Immediately, her eyes widened and she gripped my hand and asked with a trembling voice, “Have I done enough? Do you think God will accept me? Have I done enough?” I tried my best to be theologically correct. I told her, “Christ has done enough. God will accept you because of Christ’s work.” But she was inconsolable. In response, she said, “But have I done enough?” The only thing I could say that would give her any peace was “Yes, you have done enough.” Her question has haunted me ever since. I have often reflected back on that experience and wondered whether or not I said the right thing. I have finally come to the conclusion that I did say the right thing. She had trusted
in the finished work of Christ as evidenced by her baptism and her life of selfless service. That is all one need do to share in the eternal life Christ offers. Christ himself made that plain in John 6:28-29:
Then they said to him, “What must we do to perform the works of God?” Jesus answered them, “This is the work of God, that you believe in him whom he has sent.”

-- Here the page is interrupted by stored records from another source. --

(* Let $K$ be a field, $A=\{\alpha_1,\dots,\alpha_m\}\subset K$, $B=\{\beta_1,\dots,\beta_n\}\subset K$ finite sets with $|A|=m$, $|B|=n$, $f=\prod_{i}(x-\alpha_i)$, $g=\prod_j(x-\beta_j)$. Let $0\le p\le m$, $0\le q\le n$, set $d:=p+q$ and assume $0\le d\le n-1$. Then $$\operatorname{Syl}_{p,q}(A,B)=\begin{cases}(-1)^{p(m-d)}\binom{d}{p}\operatorname{Sres}_d(f,g) & \text{if } 0\le d\le\min\{m,n-1\},\\ 0 & \text{if } m<d<n-1,\\ (-1)^{(p+1)(m+n-1)}\binom{m}{p}f & \text{if } m<d=n-1.\end{cases}$$
   Context: For finite sets $Y,Z$, $\mathcal{R}(Y,Z):=\prod_{y\in Y,z\in Z}(y-z)$ (equal to $1$ if $Y$ or $Z$ is empty), and $\mathcal{R}(x,Z):=\mathcal{R}(\{x\},Z)$. For $0\le p\le m$, $0\le q\le n$, $$\operatorname{Syl}_{p,q}(A,B)(x):=\sum_{\substack{A'\subset A,\ B'\subset B\\ |A'|=p,\ |B'|=q}}\mathcal{R}(A',B')\,\mathcal{R}(A\setminus A',B\setminus B')\,\frac{\mathcal{R}(x,A')\,\mathcal{R}(x,B')}{\mathcal{R}(A',A\setminus A')\,\mathcal{R}(B',B\setminus B')}.$$ Write $f=\sum_{i=0}^m f_ix^i$, $g=\sum_{i=0}^ng_ix^i$ with $f_i=g_i=0$ outside the natural ranges. For $d\le\min\{m,n\}$ if $m\ne n$, or $d<m=n$, the subresultant $\operatorname{Sres}_d(f,g)(x)$ is the determinant of the $(m+n-2d)\times(m+n-2d)$ matrix with rows $x^jf(x)$ for $j=n-d-1,\dots,0$ followed by rows $x^jg(x)$ for $j=m-d-1,\dots,0$, where the row of a polynomial $h$ has as first $m+n-2d-1$ entries the coefficients of $x^{m+n-d-1},\dots,x^{d+1}$ in $h$, and as last entry $h(x)$. *)

theory Defs
  imports "HOL-Computational_Algebra.Polynomial" "Jordan_Normal_Form.Determinant"
begin

definition Res :: "'a::field set \<Rightarrow> 'a set \<Rightarrow> 'a" where
  "Res Y Z = (\<Prod>(y,z)\<in>Y \<times> Z. y - z)"

definition Rpoly :: "'a::field set \<Rightarrow> 'a poly" where
  "Rpoly Z = (\<Prod>z\<in>Z. [:- z, 1:])"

But I also came to the conclusion that what I said at that moment did
not matter nearly as much as things I had said to her long before her terminal illness. That woman went to her death bed without the assurance of her salvation in Christ. I cannot help but wonder if the preaching she heard from me and the many other ministers she had heard through the years didn’t contribute to her doubts. To be completely honest, in those days I preached a lot more sermons on what one must do to be saved than I did on the fact that
one can know that she is saved. As I left the hospital that night, I made a vow to God. I vowed that from that day forward I would preach the assurance of salvation. I vowed that long before their death beds, members in the churches where I preach would hear the good news of assurance – the good news that our salvation has a lot more
to do with Christ’s faithfulness than it has to do with ours, a lot more to do with his obedience than it has to do with ours. I want those to whom I minister to know that our confidence comes from Christ, not from ourselves. It comes from his work, not ours.